In cases wherein lack of experience is involved, you need to consider retaining the key staff or hiring qualified replacements. This will surely lead to bigger profits.
The location is another essential aspect to consider when you buy a business. Think about these questions: Is there a big demand for your services or products in your chosen area? Will this demand change in the near future? How big should your location be? What are the sales and profits you can expect in starting a business in this area? Are new management and staff necessary? You must have solid answers to these questions in order to ensure that the process of buying a business goes smoothly.
After deciding on the business you want to invest in, you will then need to assess its value. Take note that there is no best method to determine the value of a certain business. Professionals generally recommend approaches depending on the type of business and industry.
With this, it is best that you learn the history and the operations of the small businesses for sale that are on your prospect list. You should consider hiring an experienced business broker. This is to avoid any possible buyer-seller conflicts on certain issues. A professional broker will be able to guide you in this matter.

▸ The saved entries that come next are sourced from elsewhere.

definition L1_norm :: "(real \<Rightarrow> real) \<Rightarrow> real" where
  "L1_norm g = (LINT x|lborel. \<bar>g x\<bar>)"

definition interval_families :: "nat \<Rightarrow> real set set set" where
  "interval_families K = {\<I>. finite \<I> \<and> card \<I> = K \<and> (\<forall>I\<in>\<I>. is_interval I)
      \<and> (\<forall>I\<in>\<I>. \<forall>J\<in>\<I>. I \<noteq> J \<longrightarrow> I \<inter> J = {})}"

definition AK_norm :: "nat \<Rightarrow> (real \<Rightarrow> real) \<Rightarrow> real" where
  "AK_norm K g = (SUP \<I>\<in>interval_families K. \<Sum>I\<in>\<I>. \<bar>LINT x:I|lborel. g x\<bar>)"

end

theory Submission
  imports Defs "HOL-Probability.Distributions"
begin

text \<open>The difference of two \<open>k\<close>-component mixtures is a combination of \<open>2 * k\<close> Gaussians
  \<open>exp (- al * x\<^sup>2 + b * x)\<close> with \<open>al > 0\<close>, and a combination of \<open>n\<close> such Gaussians that does
  not vanish identically has at most \<open>2 * n - 2\<close> zeros. To see this, factor out the sharpest
  Gaussian \<open>exp (- A * x\<^sup>2)\<close> and substitute \<open>t = 2 * A * x\<close>: the flatter terms become the bilateral
  Laplace transform of a combination of fewer Gaussians, the sharpest ones an exponential sum. A
  Rolle-type induction bounds the zeros of such a transform plus exponential sum by the number of
  sign changes of the transformed function plus twice the number of exponentials.

  Hence the difference \<open>g\<close> has at most \<open>4 * k - 2 < K\<close> zeros. Cutting the line at them gives
  \<open>K\<close> disjoint intervals on each of which \<open>g\<close> has constant sign; on this family the sum defining
  the \<open>A_K\<close> norm equals \<open>\<integral> \<bar>g\<bar>\<close>, which by the triangle inequality bounds the sum for every family.\<close>

lemma abs_le_exp_abs: "\<bar>y::real\<bar> \<le> exp \<bar>y\<bar>"
  using exp_ge_add_one_self[of "\<bar>y\<bar>"] by linarith

lemma exp_mult_le_exp_abs_mult: "exp (t * y) \<le> exp (\<bar>t\<bar> * \<bar>y\<bar>)" for t y :: real
  by (metis abs_ge_self abs_mult exp_le_cancel_iff)

lemma abs_exp_minus_one_le: "\<bar>exp u - 1\<bar> \<le> \<bar>u\<bar> * exp \<bar>u\<bar>" for u :: real
proof (cases "u \<ge> 0")
  case True
  have "exp u * (1 - u) \<le> exp u * exp (-u)"
    using exp_ge_add_one_self[of "-u"] by (intro mult_left_mono) auto
  then show ?thesis using True by (simp add: exp_minus field_simps)
next
  case False
  then have "\<bar>exp u - 1\<bar> = 1 - exp u"
    by simp
  moreover have "1 - exp u \<le> - u"
    using exp_ge_add_one_self[of u] by linarith
  moreover have "- u \<le> \<bar>u\<bar> * exp \<bar>u\<bar>"
    using mult_left_mono[of 1 "exp \<bar>u\<bar>" "\<bar>u\<bar>"] by simp
  ultimately show ?thesis
    by linarith
qed
lemma card_rep_image:
  assumes "B \<subseteq> X"
  shows "card (rep ` B) = card (orbit ` B)"
proof -
  have "inj_on orbit (rep ` B)"
    using rep_eq rep_rep by (intro inj_onI) (metis imageE)
  moreover have "orbit ` rep ` B = orbit ` B"
    using orbit_rep by (simp add: image_image)
  ultimately show ?thesis
    using card_image by fastforce
qed

lemma swapping_involution_if_balanced:
  assumes "A \<subseteq> X"
    and preserves: "\<And>s x. s \<in> S \<Longrightarrow> x \<in> X \<Longrightarrow> s x \<in> A \<longleftrightarrow> x \<in> A"
    and balanced: "card (orbit ` A) = card (orbit ` (X - A))"
  shows "\<exists>\<phi>. swapping_involution S X A \<phi>"
proof -
  define RA where "RA = rep ` A"
  define RB where "RB = rep ` (X - A)"
  have rep_mem_iff: "rep x \<in> A \<longleftrightarrow> x \<in> A" if "x \<in> X" for x
    using that preserves rep_mem_orbit[of x] unfolding mem_orbit_iff by auto
  have RA: "RA \<subseteq> A" and RB: "RB \<subseteq> X - A" and reps: "rep ` X = RA \<union> RB"
    using assms(1) rep_mem rep_mem_iff unfolding RA_def RB_def by auto
  have "card RA = card RB"
    using balanced card_rep_image assms(1) unfolding RA_def RB_def by simp
  then obtain \<beta> where \<beta>: "bij_betw \<beta> RA RB"
    using finite_same_card_bij finite_X unfolding RA_def RB_def
    by (metis Diff_subset assms(1) finite_imageI finite_subset)
  define g where "g r = (if r \<in> A then \<beta> r else inv_into RA \<beta> r)" for r
  have g: "g r \<in> rep ` X \<and> g (g r) = r \<and> (g r \<in> A \<longleftrightarrow> r \<notin> A)" if "r \<in> rep ` X" for r
    using that reps RA RB bij_betw_apply[OF \<beta>] bij_betw_apply[OF bij_betw_inv_into[OF \<beta>]]
      bij_betw_inv_into_left[OF \<beta>] bij_betw_inv_into_right[OF \<beta>]
    unfolding g_def by (auto split: if_splits)
  have "swapping_involution S X A (extend g)"
  proof (rule swapping_involution_extend)
    show "preserves_or_swaps S X A"
      unfolding preserves_or_swaps_def using preserves by blast
    fix r assume r: "r \<in> rep ` X"
    then obtain y where y: "y \<in> X" "g r = rep y"
      using g by blast
    then have "extend g (g r) = g (g r)"
      using extend_rep by simp
    then show "g r \<in> X \<and> extend g (g r) = r \<and> (g r \<in> A \<longleftrightarrow> r \<notin> A)"
      using g[OF r] y rep_mem by auto
  qed
  then show ?thesis by blast
qed

end

lemma semiregular_perm_group_restrict:
  assumes "semiregular_perm_group m S X" "subgroup H (sym_group m)" "H \<subseteq> S" "Y \<subseteq> X"
    and "\<And>h y. h \<in> H \<Longrightarrow> y \<in> Y \<Longrightarrow> h y \<in> Y"
  shows "semiregular_perm_group m H Y"
proof -
  interpret semiregular_perm_group m S X by fact
  show ?thesis
  proof (rule semiregular_perm_group.intro)
    show "subgroup H (sym_group m)" by fact
    show "Y \<subseteq> {1..m}"
      using assms(4) X_subset by blast
    show "h y \<in> Y" if "h \<in> H" "y \<in> Y" for h y
      using that by (rule assms(5))
    show "h = id" if "h \<in> H" "y \<in> Y" "h y = y" for h y
      using that assms(3,4) fixpoint_free by blast
  qed
qed

section \<open>The partition of I into W and M\<close>

lemma Wset_Un_Mset: "Wset n \<union> Mset n = Iset n"
  unfolding Wset_def Mset_def Iset_def by auto

lemma Wset_Int_Mset: "Wset n \<inter> Mset n = {}"
  unfolding Wset_def Mset_def by auto

lemma Iset_Diff_Wset: "Iset n - Wset n = Mset n"
  using Wset_Un_Mset Wset_Int_Mset by blast

lemma card_Wset: "card (Wset n) = n"
  unfolding Wset_def by simp

lemma card_Mset: "card (Mset n) = n"
  unfolding Mset_def by simp

lemma Gfix_subset_Gstar: "Gfix n \<subseteq> Gstar n"
  unfolding Gfix_def Gstar_def by auto

lemma Gstar_cases:
  "\<phi> \<in> Gstar n \<Longrightarrow> \<phi> \<in> Gfix n \<or> \<phi> ` Wset n = Mset n \<and> \<phi> ` Mset n = Wset n"
  unfolding Gstar_def Gfix_def by (auto simp: doubleton_eq_iff)
(* Let $m\ge1$ and let $a_0,\dots,a_m,b_1,\dots,b_m\in\mathbb C$ satisfy $a_i-b_j\notin\mathbb Z$ ($0\le i,j\le m$) and $b_i-b_j\notin\mathbb Z$ ($0\le i<j\le m$), where $b_0:=0$; write $a_{m+1}:=a_0$. Then, for $x$ in a neighbourhood of $0$ (as an identity of power series), $$\prod_{l=1}^m\frac{b_l}{a_l}=\prod_{l=1}^m\frac{b_l}{a_l}\cdot{}_{m+1}F_m\!\left(\begin{matrix}\boldsymbol a\\ \boldsymbol b\end{matrix};x\right){}_{m+1}F_m\!\left(\begin{matrix}-\boldsymbol a\\ -\boldsymbol b\end{matrix};x\right)+\sum_{r=1}^m x^2\frac{a_0(a_0-b_r)(b_r-a_r)}{b_r(b_r^2-1)}\prod_{\substack{1\le l\le m\\ l\ne r}}\frac{a_l-b_r}{b_l-b_r}\cdot{}_{m+1}F_m\!\left(\begin{matrix}\boldsymbol a^{r,+}\\ \boldsymbol b^{r,+}\end{matrix};x\right){}_{m+1}F_m\!\left(\begin{matrix}\boldsymbol a^{r,-}\\ \boldsymbol b^{r,-}\end{matrix};x\right),$$ where $\boldsymbol a=(a_1,\dots,a_{m+1})$, $\boldsymbol b=(b_1,\dots,b_m)$, $\boldsymbol a^{r,\pm}=(1,\dots,1)\pm(a_1-b_r,\dots,a_{m+1}-b_r)$, and $\boldsymbol b^{r,\pm}=(1,\dots,1)\pm(b_1-b_r,\dots,\pm1-b_r,\dots,b_m-b_r)$, the entry $\pm1-b_r$ being in the $r$-th position (so the $r$-th entry of $\boldsymbol b^{r,+}$ is $2-b_r$ and that of $\boldsymbol b^{r,-}$ is $2+b_r$).
   Context: ${}_{m+1}F_m\!\left(\begin{matrix}\alpha_1,\dots,\alpha_{m+1}\\ \beta_1,\dots,\beta_m\end{matrix};x\right)=\sum_{n=0}^\infty\frac{(\alpha_1,n)\cdots(\alpha_{m+1},n)}{(\beta_1,n)\cdots(\beta_m,n)\,n!}x^n$ with $(c,n)=\Gamma(c+n)/\Gamma(c)$, convergent for $|x|<1$; $-\boldsymbol a$, $-\boldsymbol b$ denote the componentwise negated parameter vectors. *)

theory Defs
  imports Complex_Main "HOL-Computational_Algebra.Formal_Power_Series"
begin
(* Let $G$ be a graph of order $n\ge 4$ with no isolated vertices. Then $G$ is a galaxy if and only if $b_{OCD}(G)=|E(G)|$.
   Context: A galaxy is a forest in which every connected component is a star $K_{1,r}$ with $r\ge 1$. A set $S\subseteq V$ is a dominating set of a graph $G=(V,E)$ if every vertex not in $S$ is adjacent to a vertex of $S$. A set $\tilde D\subseteq V$ is an outer-connected dominating set of $G$ if $\tilde D$ is dominating and the induced subgraph $G[V\setminus\tilde D]$ is connected (the empty graph counts as connected). $\tilde\gamma_c(G)$ is the minimum size of an outer-connected dominating set. For a graph $G$ without isolated vertices, the outer-connected bondage number $b_{OCD}(G)$ is the minimum number of edges whose removal from $G$ yields a graph $G'$ with $\tilde\gamma_c(G')>\tilde\gamma_c(G)$. *)

theory Defs
  imports Main
begin

definition simple_graph :: "'a set \<Rightarrow> 'a set set \<Rightarrow> bool" where
  "simple_graph V E \<longleftrightarrow> finite V \<and>
     (\<forall>e\<in>E. \<exists>u v. u \<in> V \<and> v \<in> V \<and> u \<noteq> v \<and> e = {u, v})"

definition no_isolated :: "'a set \<Rightarrow> 'a set set \<Rightarrow> bool" where
  "no_isolated V E \<longleftrightarrow> (\<forall>v\<in>V. \<exists>u. {u, v} \<in> E)"

definition adj_in :: "'a set \<Rightarrow> 'a set set \<Rightarrow> 'a \<Rightarrow> 'a \<Rightarrow> bool" where
  "adj_in W E x y \<longleftrightarrow> x \<in> W \<and> y \<in> W \<and> {x, y} \<in> E"

text \<open>The induced subgraph G[W] is connected (the empty graph counts as connected).\<close>
definition induced_connected :: "'a set \<Rightarrow> 'a set set \<Rightarrow> bool" where
  "induced_connected W E \<longleftrightarrow> (\<forall>u\<in>W. \<forall>v\<in>W. (adj_in W E)\<^sup>*\<^sup>* u v)"

definition dominating :: "'a set \<Rightarrow> 'a set set \<Rightarrow> 'a set \<Rightarrow> bool" where
  "dominating V E S \<longleftrightarrow> S \<subseteq> V \<and> (\<forall>v\<in>V - S. \<exists>u\<in>S. {u, v} \<in> E)"

definition outer_connected_dominating :: "'a set \<Rightarrow> 'a set set \<Rightarrow> 'a set \<Rightarrow> bool" where
  "outer_connected_dominating V E D \<longleftrightarrow> dominating V E D \<and> induced_connected (V - D) E"

definition ocd_number :: "'a set \<Rightarrow> 'a set set \<Rightarrow> nat" where
  "ocd_number V E = Min (card ` {D. outer_connected_dominating V E D})"

definition b_OCD :: "'a set \<Rightarrow> 'a set set \<Rightarrow> nat" where
  "b_OCD V E = (LEAST k. \<exists>F. F \<subseteq> E \<and> card F = k \<and> ocd_number V (E - F) > ocd_number V E)"

definition component :: "'a set \<Rightarrow> 'a set set \<Rightarrow> 'a \<Rightarrow> 'a set" where
  "component V E v = {u. (adj_in V E)\<^sup>*\<^sup>* v u}"

text \<open>Galaxy: every connected component is a star K_{1,r} with r \<ge> 1,
  i.e. it has a centre c, at least 2 vertices, and its edges are exactly the
  edges from c to the other vertices of the component (hence G is a forest).\<close>
definition galaxy :: "'a set \<Rightarrow> 'a set set \<Rightarrow> bool" where
  "galaxy V E \<longleftrightarrow> (\<forall>v\<in>V. \<exists>c\<in>component V E v. card (component V E v) \<ge> 2 \<and>
      {e\<in>E. e \<subseteq> component V E v} = {{c, x} | x. x \<in> component V E v \<and> x \<noteq> c})"

end

theory Submission
  imports Defs
begin

text \<open>Call an edge pendant if one of its endpoints is a leaf. With no isolated vertices, G is a
galaxy exactly when all its edges are pendant. In that case no two adjacent vertices can both lie
outside an outer-connected dominating set (each would need a second neighbour inside it), so the
complement has at most one vertex and \<open>\<tilde>\<gamma>\<^sub>c(G) = n - 1\<close>; any graph with an edge has
\<open>\<tilde>\<gamma>\<^sub>c \<le> n - 1\<close>, so only deleting all edges raises the number. If instead some edge uv has
two non-leaf endpoints, then \<open>V - {u, v}\<close> is an outer-connected dominating set, so
\<open>\<tilde>\<gamma>\<^sub>c(G) \<le> n - 2\<close>, while deleting all edges except uv already forces \<open>\<tilde>\<gamma>\<^sub>c = n - 1\<close>.
The hypothesis \<open>n \<ge> 4\<close> only serves to make the graph nonempty.\<close>

definition pendant :: "'a set set \<Rightarrow> 'a \<Rightarrow> 'a \<Rightarrow> bool" where
  "pendant E a b \<longleftrightarrow> (\<forall>z. {a, z} \<in> E \<longrightarrow> z = b)"

definition all_edges_pendant :: "'a set set \<Rightarrow> bool" where
  "all_edges_pendant E \<longleftrightarrow> (\<forall>a b. {a, b} \<in> E \<longrightarrow> pendant E a b \<or> pendant E b a)"

lemma simple_graph_edgeD:
  assumes "simple_graph V E" "{a, b} \<in> E"
  shows "a \<in> V" "b \<in> V" "a \<noteq> b"
proof -
  obtain u v where "u \<in> V" "v \<in> V" "u \<noteq> v" "{a, b} = {u, v}"
    using assms unfolding simple_graph_def by blast
  then show "a \<in> V" "b \<in> V" "a \<noteq> b"
    by (auto simp: doubleton_eq_iff)
qed

lemma simple_graph_edgeE:
  assumes "simple_graph V E" "e \<in> E"
  obtains a b where "e = {a, b}"
  using assms unfolding simple_graph_def by blast

lemma simple_graph_finite_edges:
  assumes "simple_graph V E"
  shows "finite E"
proof (rule finite_subset)
  show "E \<subseteq> Pow V"
    using assms by (auto simp: simple_graph_def)
  show "finite (Pow V)"
    using assms by (simp add: simple_graph_def)
qed

lemma simple_graph_Diff: "simple_graph V E \<Longrightarrow> simple_graph V (E - F)"
  by (auto simp: simple_graph_def)

lemma finite_outer_connected_dominating:
  "finite V \<Longrightarrow> finite {D. outer_connected_dominating V E D}"
  by (rule finite_subset[of _ "Pow V"])
     (auto simp: outer_connected_dominating_def dominating_def)

lemma outer_connected_dominating_whole: "outer_connected_dominating V E V"
  by (simp add: outer_connected_dominating_def dominating_def induced_connected_def)

lemma ocd_number_le:
  "finite V \<Longrightarrow> outer_connected_dominating V E D \<Longrightarrow> ocd_number V E \<le> card D"
  unfolding ocd_number_def
  by (rule Min_le) (auto intro: finite_imageI finite_outer_connected_dominating)

lemma ocd_number_attained:
  assumes "finite V"
  obtains D where "outer_connected_dominating V E D" "ocd_number V E = card D"
proof -
  have "ocd_number V E \<in> card ` {D. outer_connected_dominating V E D}"
    unfolding ocd_number_def using assms outer_connected_dominating_whole
    by (intro Min_in) (auto intro: finite_imageI finite_outer_connected_dominating)
  then show ?thesis
    using that by auto
qed

lemma ocd_number_no_edges:
  assumes "finite V"
  shows "ocd_number V {} = card V"
proof -
  obtain D where D: "outer_connected_dominating V {} D" "ocd_number V {} = card D"
    using ocd_number_attained[OF assms] .
  then have "D = V"
    by (auto simp: outer_connected_dominating_def dominating_def)
  with D show ?thesis
    by simp
qed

How Much Money Do You Need When Buying a Small Business in Canada
Determining the right price of a small business for sale is one of the most challenging aspects of purchasing a business. The task of getting a trustworthy and reliable financier is also an issue. The capital you need for investment depends on the size of the business you intend to purchase. If you are planning to buy a small business, you may use your personal savings to finance a big portion of the overall cost. You also need to be sure that there are enough funds available to sustain your prospect business in the long run.
Seeking the help of a third-party financial institution is also a reasonable option in financing your business. Look for credible and trustworthy companies such as direct lenders and banks.
For banks to approve your business loan money, you need to prepare certain requirements like personal collateral, a solid business plan, as well as the information of the business you want to purchase and manage. There are other institutions that are willing to lend money aside from banks. These are generally commercial finance and venture capital companies.